"""
(* Let $A=B[x;\alpha,\delta]_p$ be a Poisson polynomial algebra over a field $k$ of characteristic zero, and assume that $\alpha$ extends to a derivation $\hat\alpha$ of $A$ such that $\hat\alpha(x)=sx$ for some nonzero $s\in k$. Then for each Poisson prime ideal $Q$ of $B$, there are at most two $\hat\alpha$-stable Poisson prime ideals $P$ of $A$ with $P\cap B=Q$.
   Context: If $B$ is a Poisson algebra, $\alpha$ a Poisson derivation of $B$ (a derivation for both product and bracket) and $\delta$ a derivation of $B$ with $\delta(\{a,b\})=\{\delta(a),b\}+\{a,\delta(b)\}+\alpha(a)\delta(b)-\delta(a)\alpha(b)$ for all $a,b\in B$, then $B[x;\alpha,\delta]_p$ is the polynomial ring $B[x]$ with the unique Poisson bracket extending that of $B$ and satisfying $\{x,b\}=\alpha(b)x+\delta(b)$. A Poisson prime ideal is a prime ideal $P$ with $\{A,P\}\subseteq P$. *)

theory Defs
  imports "HOL-Computational_Algebra.Polynomial"
begin

text \<open>A commutative k-algebra is modelled as a commutative ring 'b together with
  a unital ring homomorphism iota from the field 'k into 'b.\<close>

definition alg_hom_from :: "('k::field \<Rightarrow> 'b::comm_ring_1) \<Rightarrow> bool" where
  "alg_hom_from \<iota> \<longleftrightarrow> \<iota> 1 = 1 \<and> (\<forall>c d. \<iota> (c + d) = \<iota> c + \<iota> d) \<and> (\<forall>c d. \<iota> (c * d) = \<iota> c * \<iota> d)"

definition is_kderiv :: "('k::field \<Rightarrow> 'b::comm_ring_1) \<Rightarrow> ('b \<Rightarrow> 'b) \<Rightarrow> bool" where
  "is_kderiv \<iota> D \<longleftrightarrow>
     (\<forall>a b. D (a + b) = D a + D b) \<and>
     (\<forall>c a. D (\<iota> c * a) = \<iota> c * D a) \<and>
     (\<forall>a b. D (a * b) = D a * b + a * D b)"

definition is_poisson_bracket :: "('k::field \<Rightarrow> 'b::comm_ring_1) \<Rightarrow> ('b \<Rightarrow> 'b \<Rightarrow> 'b) \<Rightarrow> bool" where
  "is_poisson_bracket \<iota> br \<longleftrightarrow>
     (\<forall>a b c. br (a + b) c = br a c + br b c) \<and>
     (\<forall>a b c. br a (b + c) = br a b + br a c) \<and>
     (\<forall>r a b. br (\<iota> r * a) b = \<iota> r * br a b) \<and>
     (\<forall>r a b. br a (\<iota> r * b) = \<iota> r * br a b) \<and>
     (\<forall>a b. br a b = - br b a) \<and>
     (\<forall>a b c. br a (br b c) + br b (br c a) + br c (br a b) = 0) \<and>
     (\<forall>a b c. br a (b * c) = br a b * c + b * br a c)"

definition is_poisson_deriv :: "('k::field \<Rightarrow> 'b::comm_ring_1) \<Rightarrow> ('b \<Rightarrow> 'b \<Rightarrow> 'b) \<Rightarrow> ('b \<Rightarrow> 'b) \<Rightarrow> bool" where
  "is_poisson_deriv \<iota> br D \<longleftrightarrow> is_kderiv \<iota> D \<and> (\<forall>a b. D (br a b) = br (D a) b + br a (D b))"

definition is_ideal :: "'b::comm_ring_1 set \<Rightarrow> bool" where
  "is_ideal I \<longleftrightarrow> 0 \<in> I \<and> (\<forall>a\<in>I. \<forall>b\<in>I. a + b \<in> I) \<and> (\<forall>r. \<forall>a\<in>I. r * a \<in> I)"

definition is_prime_ideal :: "'b::comm_ring_1 set \<Rightarrow> bool" where
  "is_prime_ideal P \<longleftrightarrow> is_ideal P \<and> P \<noteq> UNIV \<and> (\<forall>a b. a * b \<in> P \<longrightarrow> a \<in> P \<or> b \<in> P)"

definition is_poisson_prime :: "('b::comm_ring_1 \<Rightarrow> 'b \<Rightarrow> 'b) \<Rightarrow> 'b set \<Rightarrow> bool" where
  "is_poisson_prime br P \<longleftrightarrow> is_prime_ideal P \<and> (\<forall>a. \<forall>p\<in>P. br a p \<in> P)"

end

theory Submission
  imports Defs
begin

(* Every stable Poisson prime P lying over Q contains Q[x]; we show there is at most one other.
   If P \<noteq> Q[x], pick f in P \ Q[x] of minimal degree n, with leading coefficient c (not in Q)
   and subleading coefficient e. Minimality makes f an eigenvector modulo Q[x] of \<alpha>hat and of
   every bracket {b, -}, with eigenvalues read off from the top coefficients; comparing the next
   coefficients, the linear polynomial \<phi> = e + n c x is an eigenvector as well, and hence so is
   n^n c^(n-1) f - \<phi>^n, whose degree is below n. If that difference had coefficients outside Q,
   the top one, g at position M, would satisfy both eigen-equations, and taking b = c and b = g
   yields s (n - M)^2 c^n g^2 in Q, which is impossible since s is invertible and the
   characteristic is 0. So the difference lies in Q[x], and \<phi> is in P. Two such ideals with
   linear elements e_i + c_i x satisfy the same equations for n = 1, which force c_2 e_1 - c_1 e_2
   into Q; then each ideal contains the other's linear element, and pseudo-division by it shows
   the ideals are equal. *)

definition is_derivation :: "('a::comm_ring_1 \<Rightarrow> 'a) \<Rightarrow> bool" where
  "is_derivation D \<longleftrightarrow> (\<forall>a b. D (a + b) = D a + D b) \<and> (\<forall>a b. D (a * b) = D a * b + a * D b)"

lemma derivation_add: "is_derivation D \<Longrightarrow> D (a + b) = D a + D b"
  and derivation_mult: "is_derivation D \<Longrightarrow> D (a * b) = D a * b + a * D b"
  by (auto simp: is_derivation_def)

lemma derivation_zero: "is_derivation D \<Longrightarrow> D 0 = 0"
  using derivation_add[of D 0 0] by simp

lemma derivation_diff: "is_derivation D \<Longrightarrow> D (a - b) = D a - D b"
  using derivation_add[of D "a - b" b] by (simp add: algebra_simps)

lemma derivation_one: "is_derivation D \<Longrightarrow> D 1 = 0"
  using derivation_mult[of D 1 1] by simp

lemma derivation_of_nat_mult: "is_derivation D \<Longrightarrow> D (of_nat k * a) = of_nat k * D a"
  by (induction k) (simp_all add: derivation_zero derivation_add[of D] distrib_right)

lemma derivation_mult_of_nat: "is_derivation D \<Longrightarrow> D (a * of_nat k) = of_nat k * D a"
  using derivation_of_nat_mult[of D k a] by (simp add: mult.commute)

lemma kderiv_imp_derivation: "is_kderiv \<iota> D \<Longrightarrow> is_derivation D"
  unfolding is_kderiv_def is_derivation_def by blast

lemma poisson_bracket_derivation: "is_poisson_bracket \<iota> br \<Longrightarrow> is_derivation (br a)"
  unfolding is_poisson_bracket_def is_derivation_def by blast

lemma poisson_bracket_antisym: "is_poisson_bracket \<iota> br \<Longrightarrow> br a b = - br b a"
  unfolding is_poisson_bracket_def by blast

lemma alg_hom_add: "alg_hom_from \<iota> \<Longrightarrow> \<iota> (a + b) = \<iota> a + \<iota> b"
  and alg_hom_mult: "alg_hom_from \<iota> \<Longrightarrow> \<iota> (a * b) = \<iota> a * \<iota> b"
  and alg_hom_one: "alg_hom_from \<iota> \<Longrightarrow> \<iota> 1 = 1"
  by (simp_all add: alg_hom_from_def)

lemma alg_hom_zero: "alg_hom_from \<iota> \<Longrightarrow> \<iota> 0 = 0"
  by (metis add_cancel_right_right add_0 alg_hom_add)

lemma alg_hom_of_nat: "alg_hom_from \<iota> \<Longrightarrow> \<iota> (of_nat k) = of_nat k"
  by (induction k) (simp_all add: alg_hom_zero alg_hom_add[of \<iota> 1] alg_hom_one)

lemma alg_hom_inverse:
  assumes "alg_hom_from \<iota>" "c \<noteq> 0"
  shows "\<iota> c * \<iota> (inverse c) = 1"
  by (simp only: alg_hom_mult[OF assms(1), symmetric]
    right_inverse[OF assms(2)] alg_hom_one[OF assms(1)])

lemma poisson_bracket_self:
  fixes \<iota> :: "'k::field_char_0 \<Rightarrow> 'b::comm_ring_1"
  assumes hom: "alg_hom_from \<iota>" and br: "is_poisson_bracket \<iota> br"
  shows "br a a = 0"
proof -
  have two: "2 * br a a = 0"
    using poisson_bracket_antisym[OF br, of a a] unfolding mult_2 eq_neg_iff_add_eq_0 .
  have half: "\<iota> (inverse 2) * 2 = (1::'b)"
    using alg_hom_inverse[OF hom, of 2] alg_hom_of_nat[OF hom, of 2] by (simp add: mult.commute)
  have "br a a = (\<iota> (inverse 2) * 2) * br a a" by (simp only: half mult_1)
  also have "\<dots> = 0" by (simp only: mult.assoc two mult_zero_right)
  finally show ?thesis .
qed

locale ring_ideal =
  fixes I :: "'b::comm_ring_1 set"
  assumes ideal: "is_ideal I"
begin

lemma zero_mem: "0 \<in> I"
  and add_mem: "a \<in> I \<Longrightarrow> b \<in> I \<Longrightarrow> a + b \<in> I"
  and mult_left_mem: "a \<in> I \<Longrightarrow> r * a \<in> I"
  using ideal by (auto simp: is_ideal_def)

lemma mult_right_mem: "a \<in> I \<Longrightarrow> a * r \<in> I"
  using mult_left_mem[of a r] by (simp add: mult.commute)

lemma diff_mem: "a \<in> I \<Longrightarrow> b \<in> I \<Longrightarrow> a - b \<in> I"
  using add_mem[of a "- b"] mult_left_mem[of b "- 1"] by simp

lemma sum_mem: "(\<And>i. i \<in> A \<Longrightarrow> f i \<in> I) \<Longrightarrow> sum f A \<in> I"
  by (induction A rule: infinite_finite_induct) (auto simp: zero_mem add_mem)

end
"""
What is expected —
The lines above that hold the string "characteristic" are to be located and copied.

Finished exercise —
(* Let $A=B[x;\alpha,\delta]_p$ be a Poisson polynomial algebra over a field $k$ of characteristic zero, and assume that $\alpha$ extends to a derivation $\hat\alpha$ of $A$ such that $\hat\alpha(x)=sx$ for some nonzero $s\in k$. Then for each Poisson prime ideal $Q$ of $B$, there are at most two $\hat\alpha$-stable Poisson prime ideals $P$ of $A$ with $P\cap B=Q$.
   characteristic is 0. So the difference lies in Q[x], and \<phi> is in P. Two such ideals with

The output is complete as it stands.